Task to complete: Give the data again exactly, from its opening line through the line in which "using tildeI_half[of z]" appears.

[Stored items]
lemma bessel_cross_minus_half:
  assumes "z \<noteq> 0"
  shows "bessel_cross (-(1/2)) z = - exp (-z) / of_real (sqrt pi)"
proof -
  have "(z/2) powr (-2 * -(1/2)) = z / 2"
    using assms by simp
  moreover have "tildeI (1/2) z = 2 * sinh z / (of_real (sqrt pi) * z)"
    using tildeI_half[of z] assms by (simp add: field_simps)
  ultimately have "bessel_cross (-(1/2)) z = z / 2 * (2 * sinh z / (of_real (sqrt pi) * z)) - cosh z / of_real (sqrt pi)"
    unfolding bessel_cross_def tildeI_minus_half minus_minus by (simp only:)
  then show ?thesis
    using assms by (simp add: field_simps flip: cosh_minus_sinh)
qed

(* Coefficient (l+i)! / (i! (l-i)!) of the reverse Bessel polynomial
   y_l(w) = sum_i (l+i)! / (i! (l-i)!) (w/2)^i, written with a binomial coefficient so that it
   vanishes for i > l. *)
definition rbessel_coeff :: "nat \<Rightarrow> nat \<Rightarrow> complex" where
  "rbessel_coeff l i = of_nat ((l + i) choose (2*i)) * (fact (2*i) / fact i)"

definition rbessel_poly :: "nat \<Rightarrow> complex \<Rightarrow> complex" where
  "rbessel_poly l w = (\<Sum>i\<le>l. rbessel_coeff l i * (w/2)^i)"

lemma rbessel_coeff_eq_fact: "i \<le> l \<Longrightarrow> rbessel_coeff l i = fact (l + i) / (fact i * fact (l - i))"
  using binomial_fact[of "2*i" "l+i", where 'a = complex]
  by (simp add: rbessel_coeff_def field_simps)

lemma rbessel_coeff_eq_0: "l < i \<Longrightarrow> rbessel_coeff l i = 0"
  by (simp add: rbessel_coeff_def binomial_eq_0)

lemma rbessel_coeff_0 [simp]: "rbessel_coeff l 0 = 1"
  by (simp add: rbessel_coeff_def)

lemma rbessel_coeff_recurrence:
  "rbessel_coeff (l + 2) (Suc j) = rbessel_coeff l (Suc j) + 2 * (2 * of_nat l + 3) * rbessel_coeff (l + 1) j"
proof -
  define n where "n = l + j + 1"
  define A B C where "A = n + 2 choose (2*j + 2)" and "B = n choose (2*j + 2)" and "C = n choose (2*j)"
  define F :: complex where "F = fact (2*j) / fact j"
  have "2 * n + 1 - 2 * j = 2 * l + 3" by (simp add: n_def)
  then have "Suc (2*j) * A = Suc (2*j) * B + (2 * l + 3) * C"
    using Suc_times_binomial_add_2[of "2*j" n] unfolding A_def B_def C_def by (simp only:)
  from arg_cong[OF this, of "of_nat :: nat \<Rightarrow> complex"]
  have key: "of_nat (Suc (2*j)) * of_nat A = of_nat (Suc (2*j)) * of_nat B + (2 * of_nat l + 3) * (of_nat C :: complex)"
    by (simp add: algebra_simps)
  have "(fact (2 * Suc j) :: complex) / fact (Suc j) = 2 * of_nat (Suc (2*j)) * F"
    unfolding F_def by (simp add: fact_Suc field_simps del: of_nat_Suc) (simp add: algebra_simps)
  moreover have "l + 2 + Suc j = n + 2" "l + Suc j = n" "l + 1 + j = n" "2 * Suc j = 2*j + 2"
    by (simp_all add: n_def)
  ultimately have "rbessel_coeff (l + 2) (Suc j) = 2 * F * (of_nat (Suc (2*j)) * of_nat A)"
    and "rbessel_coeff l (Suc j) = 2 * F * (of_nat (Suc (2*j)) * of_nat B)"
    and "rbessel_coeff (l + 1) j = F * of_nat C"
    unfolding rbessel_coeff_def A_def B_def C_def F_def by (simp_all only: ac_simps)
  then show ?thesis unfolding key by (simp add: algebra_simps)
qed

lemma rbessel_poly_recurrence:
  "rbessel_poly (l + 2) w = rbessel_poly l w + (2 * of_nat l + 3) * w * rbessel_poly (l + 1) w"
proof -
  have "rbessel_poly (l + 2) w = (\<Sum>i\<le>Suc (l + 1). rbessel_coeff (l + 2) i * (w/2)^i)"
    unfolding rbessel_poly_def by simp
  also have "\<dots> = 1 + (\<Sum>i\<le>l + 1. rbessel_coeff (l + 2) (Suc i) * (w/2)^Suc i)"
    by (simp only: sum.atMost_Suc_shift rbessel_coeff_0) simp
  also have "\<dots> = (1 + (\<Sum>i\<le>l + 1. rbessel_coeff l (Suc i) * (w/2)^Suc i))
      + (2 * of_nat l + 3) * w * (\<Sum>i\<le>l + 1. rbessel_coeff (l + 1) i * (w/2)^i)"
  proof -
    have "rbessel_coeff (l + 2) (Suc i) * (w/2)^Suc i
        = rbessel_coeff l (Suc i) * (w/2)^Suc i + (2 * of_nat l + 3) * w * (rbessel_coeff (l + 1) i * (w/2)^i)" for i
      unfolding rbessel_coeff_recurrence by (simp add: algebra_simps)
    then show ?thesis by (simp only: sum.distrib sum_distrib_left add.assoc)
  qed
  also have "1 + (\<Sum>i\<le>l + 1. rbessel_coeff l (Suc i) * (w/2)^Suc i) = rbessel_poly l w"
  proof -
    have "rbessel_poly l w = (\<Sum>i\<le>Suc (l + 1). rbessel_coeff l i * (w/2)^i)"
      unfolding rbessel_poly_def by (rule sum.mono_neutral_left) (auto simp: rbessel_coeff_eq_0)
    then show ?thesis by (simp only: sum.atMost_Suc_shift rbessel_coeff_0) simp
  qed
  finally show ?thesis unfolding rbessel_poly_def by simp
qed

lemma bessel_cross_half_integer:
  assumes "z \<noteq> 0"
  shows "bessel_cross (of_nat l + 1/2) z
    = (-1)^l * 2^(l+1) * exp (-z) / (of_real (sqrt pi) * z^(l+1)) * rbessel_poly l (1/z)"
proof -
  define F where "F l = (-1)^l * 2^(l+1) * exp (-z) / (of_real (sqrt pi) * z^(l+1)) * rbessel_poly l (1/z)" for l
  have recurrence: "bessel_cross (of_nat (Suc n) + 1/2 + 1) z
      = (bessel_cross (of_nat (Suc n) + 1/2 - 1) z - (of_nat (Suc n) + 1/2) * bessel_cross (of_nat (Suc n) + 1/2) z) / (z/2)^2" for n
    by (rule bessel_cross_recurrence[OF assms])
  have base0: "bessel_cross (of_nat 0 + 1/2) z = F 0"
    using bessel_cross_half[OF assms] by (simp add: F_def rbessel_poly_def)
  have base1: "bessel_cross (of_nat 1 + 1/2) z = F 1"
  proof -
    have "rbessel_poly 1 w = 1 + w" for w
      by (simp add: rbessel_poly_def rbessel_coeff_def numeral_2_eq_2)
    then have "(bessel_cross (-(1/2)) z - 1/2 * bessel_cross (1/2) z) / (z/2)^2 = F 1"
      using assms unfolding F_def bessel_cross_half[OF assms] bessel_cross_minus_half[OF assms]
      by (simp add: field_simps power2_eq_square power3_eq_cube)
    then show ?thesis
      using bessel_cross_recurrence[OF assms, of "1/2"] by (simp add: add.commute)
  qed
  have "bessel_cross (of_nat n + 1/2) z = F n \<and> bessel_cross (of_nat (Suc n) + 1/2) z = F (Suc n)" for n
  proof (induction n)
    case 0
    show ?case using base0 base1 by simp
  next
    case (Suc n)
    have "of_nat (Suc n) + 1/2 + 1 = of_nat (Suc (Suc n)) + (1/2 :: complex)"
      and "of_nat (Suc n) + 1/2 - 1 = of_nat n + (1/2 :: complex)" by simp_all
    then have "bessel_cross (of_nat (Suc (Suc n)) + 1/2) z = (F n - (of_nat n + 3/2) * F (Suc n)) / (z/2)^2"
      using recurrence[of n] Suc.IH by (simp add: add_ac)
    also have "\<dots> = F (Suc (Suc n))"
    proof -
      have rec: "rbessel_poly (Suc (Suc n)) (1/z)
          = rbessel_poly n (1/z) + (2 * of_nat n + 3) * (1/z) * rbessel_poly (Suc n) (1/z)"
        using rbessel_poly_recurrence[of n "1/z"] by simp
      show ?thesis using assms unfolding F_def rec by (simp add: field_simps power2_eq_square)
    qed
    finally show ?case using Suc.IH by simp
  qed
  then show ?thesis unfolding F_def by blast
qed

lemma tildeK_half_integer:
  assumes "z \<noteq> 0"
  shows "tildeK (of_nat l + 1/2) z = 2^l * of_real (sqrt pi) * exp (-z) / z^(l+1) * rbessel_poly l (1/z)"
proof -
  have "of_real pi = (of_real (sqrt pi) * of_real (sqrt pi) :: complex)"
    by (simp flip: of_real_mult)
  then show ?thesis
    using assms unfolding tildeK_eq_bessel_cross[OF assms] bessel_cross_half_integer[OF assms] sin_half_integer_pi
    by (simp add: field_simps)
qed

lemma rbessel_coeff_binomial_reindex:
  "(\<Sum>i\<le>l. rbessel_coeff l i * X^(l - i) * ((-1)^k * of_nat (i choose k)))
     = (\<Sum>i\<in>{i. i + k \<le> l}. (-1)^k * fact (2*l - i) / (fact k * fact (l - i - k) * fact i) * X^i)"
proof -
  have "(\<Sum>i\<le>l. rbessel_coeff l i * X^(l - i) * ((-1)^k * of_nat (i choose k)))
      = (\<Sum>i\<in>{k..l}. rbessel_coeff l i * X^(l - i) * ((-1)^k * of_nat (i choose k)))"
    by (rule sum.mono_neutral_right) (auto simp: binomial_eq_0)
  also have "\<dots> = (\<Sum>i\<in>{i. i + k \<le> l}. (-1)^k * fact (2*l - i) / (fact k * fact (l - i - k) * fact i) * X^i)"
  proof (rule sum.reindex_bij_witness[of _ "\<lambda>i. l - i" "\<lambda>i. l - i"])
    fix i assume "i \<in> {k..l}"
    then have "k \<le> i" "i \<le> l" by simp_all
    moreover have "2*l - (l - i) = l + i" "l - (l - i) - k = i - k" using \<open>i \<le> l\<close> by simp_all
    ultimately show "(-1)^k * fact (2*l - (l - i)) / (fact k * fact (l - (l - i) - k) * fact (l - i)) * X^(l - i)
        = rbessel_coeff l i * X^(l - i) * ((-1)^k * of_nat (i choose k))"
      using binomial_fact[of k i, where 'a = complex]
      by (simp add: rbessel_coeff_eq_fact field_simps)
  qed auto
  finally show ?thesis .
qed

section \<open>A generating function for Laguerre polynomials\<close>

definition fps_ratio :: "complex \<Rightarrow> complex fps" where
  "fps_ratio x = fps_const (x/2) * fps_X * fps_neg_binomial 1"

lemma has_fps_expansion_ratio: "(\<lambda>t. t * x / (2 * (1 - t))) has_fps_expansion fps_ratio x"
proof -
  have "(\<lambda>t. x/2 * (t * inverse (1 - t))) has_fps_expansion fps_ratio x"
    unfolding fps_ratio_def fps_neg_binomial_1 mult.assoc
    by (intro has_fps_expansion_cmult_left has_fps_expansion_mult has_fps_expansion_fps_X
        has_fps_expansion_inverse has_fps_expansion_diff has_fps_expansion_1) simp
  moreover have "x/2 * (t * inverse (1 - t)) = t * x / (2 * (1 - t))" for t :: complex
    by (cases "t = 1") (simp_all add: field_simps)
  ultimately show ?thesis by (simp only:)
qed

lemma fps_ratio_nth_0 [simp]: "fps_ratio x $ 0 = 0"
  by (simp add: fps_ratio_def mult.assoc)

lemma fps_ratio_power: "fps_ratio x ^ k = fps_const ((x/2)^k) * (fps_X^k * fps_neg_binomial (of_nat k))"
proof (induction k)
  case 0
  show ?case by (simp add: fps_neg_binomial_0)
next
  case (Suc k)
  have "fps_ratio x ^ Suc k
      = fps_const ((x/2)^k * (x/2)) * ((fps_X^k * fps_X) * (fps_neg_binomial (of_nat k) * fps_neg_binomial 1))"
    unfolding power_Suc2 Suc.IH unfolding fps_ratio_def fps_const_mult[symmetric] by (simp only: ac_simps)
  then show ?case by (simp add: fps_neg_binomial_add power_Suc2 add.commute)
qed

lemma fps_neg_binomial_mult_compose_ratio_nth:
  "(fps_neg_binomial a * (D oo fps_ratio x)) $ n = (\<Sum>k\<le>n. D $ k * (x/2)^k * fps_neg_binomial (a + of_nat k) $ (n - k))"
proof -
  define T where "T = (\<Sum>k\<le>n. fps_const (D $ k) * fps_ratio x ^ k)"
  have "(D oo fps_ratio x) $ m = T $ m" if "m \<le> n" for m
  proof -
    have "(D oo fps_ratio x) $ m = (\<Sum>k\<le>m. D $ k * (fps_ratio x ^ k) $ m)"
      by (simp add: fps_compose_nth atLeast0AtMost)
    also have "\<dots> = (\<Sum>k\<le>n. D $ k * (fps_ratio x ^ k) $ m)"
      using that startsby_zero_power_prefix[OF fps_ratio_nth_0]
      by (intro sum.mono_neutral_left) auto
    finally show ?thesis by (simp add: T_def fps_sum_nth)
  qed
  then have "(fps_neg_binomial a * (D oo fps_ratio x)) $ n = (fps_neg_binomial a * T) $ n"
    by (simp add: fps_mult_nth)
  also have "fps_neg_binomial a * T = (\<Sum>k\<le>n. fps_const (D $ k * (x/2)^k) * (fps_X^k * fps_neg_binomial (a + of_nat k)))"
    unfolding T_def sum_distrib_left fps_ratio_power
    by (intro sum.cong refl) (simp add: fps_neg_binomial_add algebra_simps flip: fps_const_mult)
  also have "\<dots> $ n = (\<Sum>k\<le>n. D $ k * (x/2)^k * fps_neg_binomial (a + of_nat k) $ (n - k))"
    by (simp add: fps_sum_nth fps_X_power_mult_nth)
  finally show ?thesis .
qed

Answer section:
lemma bessel_cross_minus_half:
  assumes "z \<noteq> 0"
  shows "bessel_cross (-(1/2)) z = - exp (-z) / of_real (sqrt pi)"
proof -
  have "(z/2) powr (-2 * -(1/2)) = z / 2"
    using assms by simp
  moreover have "tildeI (1/2) z = 2 * sinh z / (of_real (sqrt pi) * z)"
    using tildeI_half[of z] assms by (simp add: field_simps)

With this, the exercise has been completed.